MODIFICATION OF PULMONARY VASCULAR-RESPONSES TO ARACHIDONIC-ACID BY ALTERATIONS IN PHYSIOLOGIC STATE

Abstract

The effects of bolus injections of arachidonic acid and prostaglandins (PG) E2 and F2.alpha. on the pulmonary vascular bed were compared under resting conditions and after alteration in the physiologic state of the lung. The vascularly isolated lung lobe of the intact, anesthetized dog was studied under conditions of controlled blood flow. Arachidonic acid, PGE2 and PGF2.alpha. increased pulmonary vascular resistance by constricting intrapulmonary veins and arteries in a dose-related manner, as did an analog of the endoperoxide, PGH2, whereas PGI2 dilated the pulmonary vascular bed. The response to arachidonate was associated with a 2- to 3-fold increase in levels of PGE- and PGF-like substances in pulmonary venous blood and was blocked by indomethacin.

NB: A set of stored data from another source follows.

lemma set_integral_rescale:
  fixes f :: "real \<Rightarrow> real" and S :: "real set" and c r :: real
  assumes "0 < r"
  shows "(LBINT y:S. f y) * r = (\<integral>s. indicator S (c + s / r) * f (c + s / r) \<partial>lborel)"
proof -
  have "(LBINT y:S. f y) = (\<integral>y. indicator S y * f y \<partial>lborel)"
    by (simp add: set_lebesgue_integral_def)
  also have "\<dots> = \<bar>1 / r\<bar> *\<^sub>R (\<integral>s. indicator S (c + 1 / r * s) * f (c + 1 / r * s) \<partial>lborel)"
    using assms by (intro lborel_integral_real_affine) simp
  finally show ?thesis
    using assms by simp
qed

section \<open>Pochhammer symbols and Gegenbauer polynomials\<close>

lemma tendsto_pochhammer_div_power:
  fixes x :: "'a \<Rightarrow> real"
  assumes "filterlim x at_top F"
  shows "((\<lambda>t. pochhammer (x t + c) k / x t ^ k) \<longlongrightarrow> 1) F"
proof -
  have "((\<lambda>t. \<Prod>i<k. 1 + (c + real i) / x t) \<longlongrightarrow> (\<Prod>i<k. 1 + 0)) F"
    using assms by (intro tendsto_prod tendsto_add tendsto_const tendsto_divide_0[OF tendsto_const]
        filterlim_at_top_imp_at_infinity)
  moreover have "eventually (\<lambda>t. 0 < x t) F"
    using assms by (simp add: filterlim_at_top_dense)
  then have "eventually (\<lambda>t. (\<Prod>i<k. 1 + (c + real i) / x t) = pochhammer (x t + c) k / x t ^ k) F"
  proof eventually_elim
    case (elim t)
    have "pochhammer (x t + c) k / x t ^ k = (\<Prod>i<k. (x t + c + real i) / x t)"
      by (simp add: pochhammer_prod atLeast0LessThan prod_dividef)
    also have "\<dots> = (\<Prod>i<k. 1 + (c + real i) / x t)"
      using elim by (intro prod.cong) (auto simp: field_simps)
    finally show ?case ..
  qed
  ultimately show ?thesis
    by (auto intro: Lim_transform_eventually)
qed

The effects of arachidonic acid, but not the PG, were greatly enhanced during perfusion with either dextran or saline and the enhanced response in saline was associated with a 15-20-fold increase in levels of PG-like substances in the pulmonary effluent. Responses to arachidonate were not dependent upon the presence of formed elements in blood but were related to perfusate protein concentration. Alveolar hypoxia decreased responses to the precursor while those to PGE2 and PGF2.alpha. were enhanced. Responses to the PG, but not those to arachidonate, were affected by changes in blood pH. Sublethal doses of Escherichia coli endotoxin increased the response to arachidonic acid, but not those to PGE2 and PGF2.alpha.. The effects of bolus injection of arachidonic acid on the pulmonary vascular bed apparently are due mainly to formation of constrictor metabolites which may overshadow the actions of any dilator (PGI2) formed; metabolism of the precursor apparently is altered by changes in physiologic state.